All we need is some simple data preparation, seven lines of R code, a bit of very easy data wrangling, and we are done.

Having an alteryx license, I used that software to perform all those steps in a single workflow. If you do have alteryx, you can download the workflow here.

If you don’t have alteryx, don’t worry, I am going to tell you how to replicate all the steps using only excel and R studio.

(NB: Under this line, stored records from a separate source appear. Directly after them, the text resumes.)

(* Consider the dynamic panel logit AR(1) model with $T=3$: $(Y_0,X,A)$ has an arbitrary joint distribution with $Y_0\in\{0,1\}$, $X=(X_1,X_2,X_3)\in\mathbb{R}^{K\times 3}$, $A\in\mathbb{R}$, and conditionally on $(Y_0,X,A)$ the outcomes $Y=(Y_1,Y_2,Y_3)\in\{0,1\}^3$ satisfy, for $t\in\{1,2,3\}$, $$\Pr(Y_t=1\mid Y_0,\dots,Y_{t-1},X,A)=\frac{\exp(X_t'\beta_0+Y_{t-1}\gamma_0+A)}{1+\exp(X_t'\beta_0+Y_{t-1}\gamma_0+A)}$$ with true parameters $\beta_0\in\mathbb{R}^K$, $\gamma_0\in\mathbb{R}$. Let $x_{ts}=x_t-x_s$ and define the moment functions $$m_0^{(a)}(y,x,\beta,\gamma)=\begin{cases}\exp(x_{12}'\beta)&y=(0,1,0),\\ \exp(x_{13}'\beta-\gamma)&y=(0,1,1),\\ -1&(y_1,y_2)=(1,0),\\ \exp(x_{32}'\beta)-1&y=(1,1,0),\\0&\text{otherwise},\end{cases}\qquad m_0^{(b)}(y,x,\beta,\gamma)=\begin{cases}\exp(x_{23}'\beta)-1&y=(0,0,1),\\ -1&(y_1,y_2)=(0,1),\\ \exp(x_{31}'\beta)&y=(1,0,0),\\ \exp(\gamma+x_{21}'\beta)&y=(1,0,1),\\0&\text{otherwise},\end{cases}$$ $$m_1^{(a)}(y,x,\beta,\gamma)=\begin{cases}\exp(x_{12}'\beta+\gamma)&y=(0,1,0),\\ \exp(x_{13}'\beta)&y=(0,1,1),\\ -1&(y_1,y_2)=(1,0),\\ \exp(x_{32}'\beta)-1&y=(1,1,0),\\0&\text{otherwise},\end{cases}\qquad m_1^{(b)}(y,x,\beta,\gamma)=\begin{cases}\exp(x_{23}'\beta)-1&y=(0,0,1),\\ -1&(y_1,y_2)=(0,1),\\ \exp(x_{31}'\beta-\gamma)&y=(1,0,0),\\ \exp(x_{21}'\beta)&y=(1,0,1),\\0&\text{otherwise}.\end{cases}$$ For $k\in\{1,\dots,K\}$ let $\mathcal{X}_{k,+}=\{x\in\mathbb{R}^{K\times3}: x_{k,1}\le x_{k,3}<x_{k,2}\text{ or }x_{k,1}<x_{k,3}\le x_{k,2}\}$ and $\mathcal{X}_{k,-}=\{x\in\mathbb{R}^{K\times3}: x_{k,1}\ge x_{k,3}>x_{k,2}\text{ or }x_{k,1}>x_{k,3}\ge x_{k,2}\}$, where $x_{k,t}$ is the $k$-th component of $x_t$; for $s\in\{-,+\}^K$ let $\mathcal{X}_s=\bigcap_{k=1}^K\mathcal{X}_{k,s_k}$, and let $\overline m^{(\xi)}_{y_0,s}(\beta,\gamma)=\mathbb{E}[m^{(\xi)}_{y_0}(Y,X,\beta,\gamma)\mid Y_0=y_0,X\in\mathcal{X}_s]$. Let $y_0\in\{0,1\}$ and $\xi\in\{a,b\}$, and assume that for all $s\in\{-,+\}^K$, $\Pr(Y_0=y_0,X\in\mathcal{X}_s)>0$ and $\overline m^{(\xi)}_{y_0,s}(\beta,\gamma)$ is well-defined. Then the solution $(\beta,\gamma)\in\mathbb{R}^K\times\mathbb{R}$ of $\overline m^{(\xi)}_{y_0,s}(\beta,\gamma)=0$ for all $s\in\{-,+\}^K$ is unique and equals $(\beta_0,\gamma_0)$; that is, $\beta_0$ and $\gamma_0$ are point-identified.
   Context: Expectations are taken under the true data distribution (generated with $\beta_0,\gamma_0$), while the moment functions are evaluated at an arbitrary candidate $(\beta,\gamma)$. *)

theory Defs
  imports "HOL-Probability.Probability"
begin

text \<open>Dynamic panel logit AR(1) model with T = 3.
  Covariates x = (x1, x2, x3) with each x_t a vector in R^K, modelled as real^'k
  for an arbitrary finite index type 'k (K = CARD('k)).
  Outcomes y = (y1, y2, y3) in {0,1}^3 are triples of booleans (True = 1);
  the initial condition y0 is a boolean (True = 1).\<close>

type_synonym 'k cov = "(real^'k) \<times> (real^'k) \<times> (real^'k)"
type_synonym outc = "bool \<times> bool \<times> bool"

definition logistic :: "real \<Rightarrow> real" where
  "logistic z = exp z / (1 + exp z)"

definition bern :: "bool \<Rightarrow> real \<Rightarrow> real" where
  "bern b q = (if b then q else 1 - q)"

definition pY :: "real^'k \<Rightarrow> real \<Rightarrow> bool \<Rightarrow> 'k cov \<Rightarrow> real \<Rightarrow> outc \<Rightarrow> real" where
  "pY beta0 gamma0 y0 x a y =
     (case x of (x1, x2, x3) \<Rightarrow> case y of (y1, y2, y3) \<Rightarrow>
        bern y1 (logistic (x1 \<bullet> beta0 + of_bool y0 * gamma0 + a)) *
        bern y2 (logistic (x2 \<bullet> beta0 + of_bool y1 * gamma0 + a)) *
        bern y3 (logistic (x3 \<bullet> beta0 + of_bool y2 * gamma0 + a)))"

datatype xi = XiA | XiB

definition m0a :: "outc \<Rightarrow> 'k cov \<Rightarrow> real^'k \<Rightarrow> real \<Rightarrow> real" where
  "m0a y x \<beta> \<gamma> = (case x of (x1, x2, x3) \<Rightarrow>
     if y = (False, True, False) then exp ((x1 - x2) \<bullet> \<beta>)
     else if y = (False, True, True) then exp ((x1 - x3) \<bullet> \<beta> - \<gamma>)
     else if fst y = True \<and> fst (snd y) = False then -1
     else if y = (True, True, False) then exp ((x3 - x2) \<bullet> \<beta>) - 1
     else 0)"

definition m0b :: "outc \<Rightarrow> 'k cov \<Rightarrow> real^'k \<Rightarrow> real \<Rightarrow> real" where
  "m0b y x \<beta> \<gamma> = (case x of (x1, x2, x3) \<Rightarrow>
     if y = (False, False, True) then exp ((x2 - x3) \<bullet> \<beta>) - 1
     else if fst y = False \<and> fst (snd y) = True then -1
     else if y = (True, False, False) then exp ((x3 - x1) \<bullet> \<beta>)
     else if y = (True, False, True) then exp (\<gamma> + (x2 - x1) \<bullet> \<beta>)
     else 0)"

First, let’s have a look at how the alteryx workflow works so we can identify the actions we’ll need to take in order to get the network chart done.

annotated-workflow

Now, let’s see how to replicate each of those steps:

  1. Download the google spreadsheet with the data here;
  2. Create a column in each sheet of the spreadsheet with the Link Type (“Org-Org”,”Person-Org”,”Person-Person”);
  3. In each sheet, rename all the columns signed with “A”, as just “A”(e.g. “Organization A” -> “A”) and all the columns signed with “B” as just “B”;
  4. Now unify the three spreadsheets into a single one, copying and pasting them to a new sheet. Make sure to match each column (“A” with “A”, “B” with “B”, etc), and to just have the headers once, at the beginning;
  5. Save the resulting dataset as a csv file. It should look like this:

[caption id=”attachment_1471” align=”alignnone” width=”616”]dataset-for-r We cleaned the data, and are ready to go to R![/caption]

In R studio:

  1. Import the dataset. You can use Tools>Import dataset, or just write in your console:

Trump.dataset <- read.csv("[Your file path]/Trump dataset.csv")> View(Trump.dataset)

  1. Install “igraph” package. You can use Tools>Install packages, or just write:

install.packages("igraph")

  1. Declare the package, and build the model. Write in your console:

install.packages("igraph") library(igraph) g <- graph.data.frame(Trump.dataset, directed=TRUE) plot(g, layout=layout.fruchterman.reingold)#fruchterman.reingold(g)*0.2)#, layout=l*1.0)

  1. Export your results as a new csv file. Write:

write.csv(data.frame(layout.fruchterman.reingold(g),vertex\_attr(g)),file = "[Your file path]/Trump network in R.csv")

Note that "fruchterman.reingold" is the model I chose for the network chart, but you can pick any of the available (see here), and get different results. Equally, you can change the other parameters.

Now you have a csv with the coordinates and names of each point of the network chart. Something like this:

r-result

We are close now. In order to get the desired result in Tableau, we need to go back to excel and just perform a few more steps.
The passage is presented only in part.